* [RECORDS TO PROCESS]:
lemma energy_potential_step:
  fixes a a' b c t p \<beta> B :: real
  assumes "0 \<le> a'" "a' = a - \<beta> * c\<^sup>2" "0 \<le> \<beta>" "0 \<le> c" "0 \<le> b" "0 \<le> p"
    and "0 < B" "t * a \<le> c * B" "p * b = \<beta> * t"
  shows "a' * (B + b * c) powr p \<le> a * B powr p"
proof (cases "a' = 0")
  case True
  then show ?thesis
    using assms by simp
next
  case False
  have "a' \<le> a"
    using assms(2,3) by simp
  with False assms(1) have a_pos: "0 < a"
    by linarith
  have a': "a' \<le> a * exp (- (\<beta> * c\<^sup>2 / a))"
  proof -
    have "a' = a * (1 + - (\<beta> * c\<^sup>2 / a))"
      using a_pos unfolding assms(2) by (simp add: field_simps)
    then show ?thesis
      using a_pos exp_ge_add_one_self[of "- (\<beta> * c\<^sup>2 / a)"] by simp
  qed
  have B: "(B + b * c) powr p \<le> B powr p * exp (p * (b * c / B))"
  proof -
    have "(B + b * c) powr p = B powr p * (1 + b * c / B) powr p"
      using assms by (simp add: powr_mult[symmetric] distrib_left)
    also have "\<dots> \<le> B powr p * exp (p * (b * c / B))"
      using powr_le_exp_mult_diff_one[of "1 + b * c / B" p] assms
      by (intro mult_left_mono) (auto simp: add_pos_nonneg)
    finally show ?thesis .
  qed
  have "p * (b * c / B) = \<beta> * c * t / B"
    using assms(9) by (simp add: field_simps)
  also have "\<dots> \<le> \<beta> * c\<^sup>2 / a"
    using mult_left_mono[OF assms(8), of "\<beta> * c"] assms a_pos
    by (simp add: field_simps power2_eq_square)
  finally have "exp (p * (b * c / B)) * exp (- (\<beta> * c\<^sup>2 / a)) \<le> 1"
    by (simp flip: exp_add)
  have "a' * (B + b * c) powr p \<le> a * exp (- (\<beta> * c\<^sup>2 / a)) * (B powr p * exp (p * (b * c / B)))"
    using a' B assms by (intro mult_mono) auto
  also have "\<dots> = a * B powr p * (exp (p * (b * c / B)) * exp (- (\<beta> * c\<^sup>2 / a)))"
    by simp
  also have "\<dots> \<le> a * B powr p"
    using \<open>exp _ * exp _ \<le> 1\<close> a_pos by (intro mult_left_le) auto
  finally show ?thesis .
qed

lemma powr_neg_increment_of_decay:
  fixes x x' \<kappa> r :: real
  assumes "0 < x" "0 < x'" "x' \<le> x * (1 - \<kappa> * x powr r)" "0 \<le> r" "0 \<le> \<kappa>"
  shows "x powr (- r) + r * \<kappa> \<le> x' powr (- r)"
proof -
  define y where "y = \<kappa> * x powr r"
  have "0 < x * (1 - y)"
    using assms by (simp add: y_def)
  then have y_less: "y < 1"
    using assms(1) by (simp add: zero_less_mult_iff)
  have "x powr (- r) + r * \<kappa> = x powr (- r) * (1 + r * y)"
    using assms(1) by (simp add: y_def powr_minus field_simps)
  also have "\<dots> \<le> x powr (- r) * (1 - y) powr (- r)"
    using one_plus_le_powr_neg[of "1 - y" r] y_less assms(4) by (intro mult_left_mono) auto
  also have "\<dots> = (x * (1 - y)) powr (- r)"
    using assms(1) y_less by (simp add: powr_mult)
  also have "\<dots> \<le> x' powr (- r)"
    using assms y_less by (intro powr_mono2') (auto simp: y_def)
  finally show ?thesis .
qed

lemma powr_neg_inverse_le_powr_neg:
  fixes u K r \<alpha> :: real
  assumes "0 < u" "u \<le> 1" "0 \<le> K" "1 \<le> r" "0 \<le> \<alpha>" "\<alpha> \<le> 1 / r"
  shows "(1 + r * K * u) powr (- 1 / r) \<le> (u * (1 + K)) powr (- \<alpha>)"
proof -
  define w where "w = 1 + r * K * u"
  have w_ge_1: "1 \<le> w"
    using assms by (simp add: w_def)
  have "u * (1 + K) \<le> w"
    using assms mult_right_mono[of 1 r "K * u"] mult_left_mono[of u 1 K]
    by (simp add: w_def algebra_simps)
  have "w powr (- 1 / r) \<le> w powr (- \<alpha>)"
    using w_ge_1 assms by (intro powr_mono) auto
  also have "\<dots> \<le> (u * (1 + K)) powr (- \<alpha>)"
    using \<open>u * (1 + K) \<le> w\<close> assms by (intro powr_mono2') auto
  finally show ?thesis
    by (simp add: w_def)
qed

lemma sqrt_power2_powr:
  fixes x a :: real
  assumes "0 \<le> x"
  shows "sqrt ((x\<^sup>2) powr a) = x powr a"
proof (cases "x = 0")
  case True
  then show ?thesis
    by simp
next
  case False
  with assms have "(x\<^sup>2) powr a = (x powr a)\<^sup>2"
    using powr_power[of x a 2] powr_powr[of x 2 a] by simp
  then show ?thesis
    by simp
qed

locale greedy_energy =
  fixes a c B :: "nat \<Rightarrow> real" and t b A :: real and m :: nat
  assumes t_pos: "0 < t" and b_pos: "0 < b" and b_less_2: "b < 2"
    and A_pos: "0 < A" and a_0_pos: "0 < a 0" and a_0_le: "a 0 \<le> A\<^sup>2"
    and a_nonneg: "\<And>k. k \<le> m \<Longrightarrow> 0 \<le> a k"
    and a_Suc: "\<And>k. k < m \<Longrightarrow> a (Suc k) = a k - b * (2 - b) * (c (Suc k))\<^sup>2"
    and c_nonneg: "\<And>k. k < m \<Longrightarrow> 0 \<le> c (Suc k)"
    and t_a_le: "\<And>k. k < m \<Longrightarrow> t * a k \<le> c (Suc k) * B k"
    and B_0: "B 0 = A"
    and B_Suc: "\<And>k. k < m \<Longrightarrow> B (Suc k) = B k + b * c (Suc k)"
begin

definition p :: real where "p = (2 - b) * t"

definition r :: real where "r = 1 + 2 / p"

definition \<kappa> :: real where "\<kappa> = b * (2 - b) * t\<^sup>2 / (a 0 powr (2 / p) * A\<^sup>2)"

lemma p_pos: "0 < p"
  using t_pos b_less_2 by (simp add: p_def)

lemma r_ge_1: "1 \<le> r"
  using p_pos by (simp add: r_def)

lemma \<kappa>_nonneg: "0 \<le> \<kappa>"
  using b_pos b_less_2 by (simp add: \<kappa>_def)

lemma a_Suc_le: "k < m \<Longrightarrow> a (Suc k) \<le> a k"
  using a_Suc[of k] b_pos b_less_2 by simp

lemma potential_le: "k \<le> m \<Longrightarrow> A \<le> B k \<and> a k * B k powr p \<le> a 0 * A powr p"
proof (induction k)
  case 0
  then show ?case
    by (simp add: B_0)
next
  case (Suc k)
  then have "k < m" "A \<le> B k" "a k * B k powr p \<le> a 0 * A powr p"
    by auto
  moreover have "a (Suc k) * (B k + b * c (Suc k)) powr p \<le> a k * B k powr p"
    using \<open>k < m\<close> \<open>A \<le> B k\<close> A_pos b_pos b_less_2 p_pos a_nonneg[OF Suc.prems]
    by (intro energy_potential_step[where t = t])
      (auto simp: a_Suc c_nonneg t_a_le p_def)
  ultimately show ?case
    using b_pos c_nonneg[of k] by (simp add: B_Suc add_increasing2)
qed

(* The potential bound eliminates B k: (B k)^2 \<le> a 0 powr (2 / p) * A^2 / a k powr (2 / p). *)
lemma a_Suc_le_decay:
  assumes "k < m" "0 < a k"
  shows "a (Suc k) \<le> a k * (1 - \<kappa> * a k powr r)"
proof -
  define s where "s = 2 / p"
  have s_pos: "0 < s" and ps: "p * s = 2"
    using p_pos by (auto simp: s_def)
  have A_le: "A \<le> B k" and pot: "a k * B k powr p \<le> a 0 * A powr p"
    using potential_le[of k] assms(1) by auto
  have B_pos: "0 < B k"
    using A_pos A_le by linarith
  have "(B k)\<^sup>2 = (B k powr p) powr s"
    using B_pos by (simp add: powr_powr ps)
  also have "\<dots> \<le> (a 0 * A powr p / a k) powr s"
    using pot assms(2) B_pos s_pos by (intro powr_mono2) (auto simp: field_simps)
  also have "\<dots> = a 0 powr s * A\<^sup>2 / a k powr s"
    using A_pos a_0_pos assms(2) by (simp add: powr_mult powr_divide powr_powr ps)
  finally have B_sq: "(B k)\<^sup>2 \<le> a 0 powr s * A\<^sup>2 / a k powr s" .
  have "\<kappa> * a k powr r * a k = b * (2 - b) * t\<^sup>2 * (a k)\<^sup>2 / (a 0 powr s * A\<^sup>2 / a k powr s)"
    using assms(2) A_pos
    by (simp add: \<kappa>_def r_def s_def powr_add field_simps power2_eq_square)
  also have "\<dots> \<le> b * (2 - b) * t\<^sup>2 * (a k)\<^sup>2 / (B k)\<^sup>2"
    using B_sq B_pos b_pos b_less_2 a_0_pos A_pos assms(2) by (intro divide_left_mono) auto
  also have "\<dots> = b * (2 - b) * (t * a k / B k)\<^sup>2"
    by (simp add: power_divide power_mult_distrib)
  also have "\<dots> \<le> b * (2 - b) * (c (Suc k))\<^sup>2"
    using t_a_le[OF assms(1)] B_pos t_pos assms(2) b_pos b_less_2
    by (intro mult_left_mono power_mono) (auto simp: field_simps)
  finally show ?thesis
    using a_Suc[OF assms(1)] by (simp add: algebra_simps)
qed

* [REQUIRED WORK]: Every line above in which the word "fixes" occurs is to be copied.

* [THE ANSWER]:
  fixes a a' b c t p \<beta> B :: real
  fixes x x' \<kappa> r :: real
  fixes u K r \<alpha> :: real
  fixes x a :: real
  fixes a c B :: "nat \<Rightarrow> real" and t b A :: real and m :: nat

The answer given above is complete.